--- The data Enclosed Below ---

lemma ivp_solution_ge_cubic:
  assumes sol: "ivp_solution R \<phi> Q y D y0" and "0 < m" and "0 \<le> c"
    and bounds: "\<And>s. s \<in> {0..<R} \<Longrightarrow> m \<le> \<phi> s \<and> \<phi> s \<le> M \<and> c \<le> Q s"
    and r: "r \<in> {0..<R}"
  shows "c * m^2 / (6 * M^2) * r^3 \<le> y r"
proof -
  note y_deriv = ivp_solutionD(7)[OF sol] and g_deriv = ivp_solutionD(8)[OF sol]
  note sol = ivp_solutionD(1-6)[OF sol] ivp_solution_ge_init[OF sol]
  define g where "g = (\<lambda>s. \<phi> s * D s)"
  define k where "k = m / M"
  have "0 < M" using bounds[of 0] sol(1) \<open>0 < m\<close> by auto
  have "0 \<le> k" using \<open>0 < m\<close> \<open>0 < M\<close> by (simp add: k_def)
  have sub: "{0..s} \<subseteq> {0..<R}" if "s \<in> {0..<R}" for s using that by auto
  have D_ge: "b / M \<le> D s" if s: "s \<in> {0..<R}" and "0 \<le> b" "b \<le> g s" for s b
  proof -
    have "b / M \<le> b / \<phi> s"
      using bounds[OF s] sol(5)[OF s] \<open>0 \<le> b\<close> by (intro divide_left_mono) auto
    also have "\<dots> \<le> D s"
      using \<open>b \<le> g s\<close> sol(5)[OF s] by (simp add: g_def pos_divide_le_eq mult.commute)
    finally show ?thesis .
  qed
  have source_nonneg: "0 \<le> \<phi> u * Q u * y u" if "u \<in> {0..<R}" for u
    using sol(2) sol(5-7)[OF that] by (simp add: less_imp_le)
  \<comment> \<open>each integration of the equation gains one power of \<open>s\<close>\<close>
  have g_ge: "m \<le> g s" if "s \<in> {0..<R}" for s
  proof -
    have "g 0 \<le> g s"
      unfolding g_def
      by (rule DERIV_within_nonneg_imp_le[OF _ sub[OF that] g_deriv source_nonneg])
         (use that in auto)
    with bounds[of 0] sol(1,4) show ?thesis by (simp add: g_def)
  qed
  have y_ge: "k * s \<le> y s" if "s \<in> {0..<R}" for s
    using DERIV_ge_power_imp_ge[OF _ sub[OF that] _ y_deriv, of k 0] that sol(2,3)
      D_ge[OF _ _ g_ge] \<open>0 < m\<close> by (force simp: k_def)
  have g_ge': "m * c * k * s ^ Suc 1 / Suc 1 \<le> g s" if "s \<in> {0..<R}" for s
    unfolding g_def
  proof (rule DERIV_ge_power_imp_ge[OF _ sub[OF that] _ g_deriv])
    fix u assume "0 < u" "u < s"
    then have u: "u \<in> {0..<R}" using that by auto
    have "m * c \<le> \<phi> u * Q u"
      using bounds[OF u] \<open>0 < m\<close> \<open>0 \<le> c\<close> by (intro mult_mono) auto
    moreover have "k * u \<le> y u" using y_ge[OF u] .
    moreover have "0 \<le> \<phi> u * Q u" using sol(5,6)[OF u] by simp
    moreover have "0 \<le> k * u" using \<open>0 \<le> k\<close> u by simp
    ultimately have "m * c * (k * u) \<le> \<phi> u * Q u * y u" by (rule mult_mono)
    then show "m * c * k * u ^ 1 \<le> \<phi> u * Q u * y u" by (simp add: mult.assoc)
  qed (use that sol(4) sol(5)[of 0] in auto)
  have "m * c * k / M / 2 * r ^ Suc 2 / Suc 2 \<le> y r"
  proof (rule DERIV_ge_power_imp_ge[OF _ sub[OF r] _ y_deriv])
    fix u assume "0 < u" "u < r"
    then have u: "u \<in> {0..<R}" using r by auto
    have "0 \<le> m * c * k * u ^ Suc 1 / Suc 1"
      using \<open>0 < m\<close> \<open>0 \<le> c\<close> \<open>0 \<le> k\<close> by simp
    from D_ge[OF u this g_ge'[OF u]]
    show "m * c * k / M / 2 * u ^ 2 \<le> D u" by (simp add: power2_eq_square mult.commute)
  qed (use r sol(2,3) in auto)
  then show ?thesis
    using \<open>0 < M\<close> by (simp add: k_def power2_eq_square field_simps)
qed

lemma DERIV_reflect:
  assumes "(f has_real_derivative f') (at (a - s) within T)" and "(\<lambda>s. a - s) ` S \<subseteq> T"
  shows "((\<lambda>s. f (a - s)) has_real_derivative - f') (at s within S)"
proof -
  have "((\<lambda>s. a - s) has_real_derivative -1) (at s within S)"
    by (rule derivative_eq_intros refl | simp)+
  from DERIV_image_chain[OF has_field_derivative_subset[OF assms] this] show ?thesis
    by (simp add: o_def)
qed

lemma DERIV_flux_of_ode:
  assumes "(\<phi> has_real_derivative \<phi>') (at s within S)" "(D has_real_derivative DD) (at s within S)"
    and "\<phi> s \<noteq> 0" and "DD + \<phi>' / \<phi> s * D s + (q - B) * y = 0"
  shows "((\<lambda>s. \<phi> s * D s) has_real_derivative \<phi> s * (B - q) * y) (at s within S)"
proof -
  have "\<phi>' * D s + DD * \<phi> s = \<phi> s * (B - q) * y"
    using assms(3,4) by (simp add: field_simps)
  with DERIV_mult[OF assms(1,2)] show ?thesis by simp
qed

lemma ivp_solution_of_ode:
  assumes "0 < R" "0 \<le> y0" "y 0 = y0" "D 0 = 1"
    and "\<And>s. s \<in> {0..<R} \<Longrightarrow> 0 < \<phi> s \<and> q s < B"
    and \<phi>': "\<And>s. s \<in> {0..<R} \<Longrightarrow> (\<phi> has_real_derivative \<phi>' s) (at s within {0..<R})"
    and "\<And>s. s \<in> {0..<R} \<Longrightarrow> (y has_real_derivative D s) (at s within {0..<R})"
    and D': "\<And>s. s \<in> {0..<R} \<Longrightarrow> (D has_real_derivative DD s) (at s within {0..<R})"
    and ode: "\<And>s. s \<in> {0..<R} \<Longrightarrow> DD s + \<phi>' s / \<phi> s * D s + (q s - B) * y s = 0"
  shows "ivp_solution R \<phi> (\<lambda>s. B - q s) y D y0"
  unfolding ivp_solution_def
  using assms DERIV_flux_of_ode[OF \<phi>' D' _ ode] by force

lemma ivp_solution_of_terminal_ode:
  assumes "R < a" "0 \<le> y0" "y a = y0" "D a = -1"
    and "\<And>r. r \<in> {R<..a} \<Longrightarrow> 0 < \<phi> r \<and> q r < B"
    and \<phi>': "\<And>r. r \<in> {R<..a} \<Longrightarrow> (\<phi> has_real_derivative \<phi>' r) (at r within {R<..a})"
    and y': "\<And>r. r \<in> {R<..a} \<Longrightarrow> (y has_real_derivative D r) (at r within {R<..a})"
    and D': "\<And>r. r \<in> {R<..a} \<Longrightarrow> (D has_real_derivative DD r) (at r within {R<..a})"
    and ode: "\<And>r. r \<in> {R<..a} \<Longrightarrow> DD r + \<phi>' r / \<phi> r * D r + (q r - B) * y r = 0"
  shows "ivp_solution (a - R) (\<lambda>s. \<phi> (a - s)) (\<lambda>s. B - q (a - s))
    (\<lambda>s. y (a - s)) (\<lambda>s. - D (a - s)) y0"
proof (rule ivp_solution_of_ode[where \<phi>'="\<lambda>s. - \<phi>' (a - s)" and DD="\<lambda>s. DD (a - s)"])
  have img: "(\<lambda>s. a - s) ` {0..<a - R} \<subseteq> {R<..a}" by auto
  fix s assume "s \<in> {0..<a - R}"
  then have r: "a - s \<in> {R<..a}" by auto
  show "((\<lambda>s. \<phi> (a - s)) has_real_derivative - \<phi>' (a - s)) (at s within {0..<a - R})"
    by (rule DERIV_reflect[OF \<phi>'[OF r] img])
  show "((\<lambda>s. y (a - s)) has_real_derivative - D (a - s)) (at s within {0..<a - R})"
    by (rule DERIV_reflect[OF y'[OF r] img])
  show "((\<lambda>s. - D (a - s)) has_real_derivative DD (a - s)) (at s within {0..<a - R})"
    using DERIV_minus[OF DERIV_reflect[OF D'[OF r] img]] by simp
  show "DD (a - s) + - \<phi>' (a - s) / \<phi> (a - s) * - D (a - s) + (q (a - s) - B) * y (a - s) = 0"
    using ode[OF r] by simp
qed (use assms in auto)

lemma C2_weight_bounds:
  fixes \<psi> \<psi>' \<psi>'' :: "real \<Rightarrow> real"
  assumes "0 \<le> a"
    and "\<And>r. r \<in> {0..a} \<Longrightarrow> (\<psi> has_real_derivative \<psi>' r) (at r within {0..a})"
    and "\<And>r. r \<in> {0..a} \<Longrightarrow> (\<psi>' has_real_derivative \<psi>'' r) (at r within {0..a})"
    and "continuous_on {0..a} \<psi>''"
    and pos: "\<And>r. r \<in> {0..a} \<Longrightarrow> 0 < \<psi> r"
  obtains m M where "0 < m" and "\<And>r. r \<in> {0..a} \<Longrightarrow> m \<le> \<psi> r \<and> \<psi> r \<le> M"
    and "\<And>r. r \<in> {0..a} \<Longrightarrow>
      \<bar>\<psi>'' r / \<psi> r - (\<psi>' r / \<psi> r)^2\<bar> \<le> (SUP r\<in>{0..a}. \<bar>\<psi>'' r / \<psi> r - (\<psi>' r / \<psi> r)^2\<bar>)"
proof -
  have cont: "continuous_on {0..a} \<psi>" "continuous_on {0..a} \<psi>'"
    using assms(2,3) by (blast intro: DERIV_continuous_on)+
  have "{0..a} \<noteq> {}" using \<open>0 \<le> a\<close> by simp
  obtain r0 where "r0 \<in> {0..a}" "\<And>r. r \<in> {0..a} \<Longrightarrow> \<psi> r0 \<le> \<psi> r"
    using continuous_attains_inf[OF compact_Icc \<open>{0..a} \<noteq> {}\<close> cont(1)] by blast
  moreover obtain r1 where "\<And>r. r \<in> {0..a} \<Longrightarrow> \<psi> r \<le> \<psi> r1"
    using continuous_attains_sup[OF compact_Icc \<open>{0..a} \<noteq> {}\<close> cont(1)] by blast
  moreover have "continuous_on {0..a} (\<lambda>r. \<bar>\<psi>'' r / \<psi> r - (\<psi>' r / \<psi> r)^2\<bar>)"
    using cont assms(4) pos by (intro continuous_intros) force+
  then have "bdd_above ((\<lambda>r. \<bar>\<psi>'' r / \<psi> r - (\<psi>' r / \<psi> r)^2\<bar>) ` {0..a})"
    by (intro bounded_imp_bdd_above compact_imp_bounded compact_continuous_image compact_Icc)
  ultimately show ?thesis
    using pos by (intro that[of "\<psi> r0" "\<psi> r1"] cSUP_upper) auto
qed

lemma ivp_solution_family_strict_mono:
  fixes y D :: "real \<Rightarrow> real \<Rightarrow> real"
  assumes sol: "\<And>B. Bbar < B \<Longrightarrow> ivp_solution R \<phi> (\<lambda>s. B - q s) (\<lambda>s. y s B) (\<lambda>s. D s B) y0"
    and "r \<in> {0<..<R}"
  shows "strict_mono_on {Bbar<..} (\<lambda>B. y r B)"
  using assms by (intro strict_mono_onI ivp_solution_less[OF sol sol]) auto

--- End of Enclosed The data ---

Task statement:
Up to and including the line with "s using that by auto", write out the records above exactly, starting from their first line.

Problem solution:
lemma ivp_solution_ge_cubic:
  assumes sol: "ivp_solution R \<phi> Q y D y0" and "0 < m" and "0 \<le> c"
    and bounds: "\<And>s. s \<in> {0..<R} \<Longrightarrow> m \<le> \<phi> s \<and> \<phi> s \<le> M \<and> c \<le> Q s"
    and r: "r \<in> {0..<R}"
  shows "c * m^2 / (6 * M^2) * r^3 \<le> y r"
proof -
  note y_deriv = ivp_solutionD(7)[OF sol] and g_deriv = ivp_solutionD(8)[OF sol]
  note sol = ivp_solutionD(1-6)[OF sol] ivp_solution_ge_init[OF sol]
  define g where "g = (\<lambda>s. \<phi> s * D s)"
  define k where "k = m / M"
  have "0 < M" using bounds[of 0] sol(1) \<open>0 < m\<close> by auto
  have "0 \<le> k" using \<open>0 < m\<close> \<open>0 < M\<close> by (simp add: k_def)
  have sub: "{0..s} \<subseteq> {0..<R}" if "s \<in> {0..<R}" for s using that by auto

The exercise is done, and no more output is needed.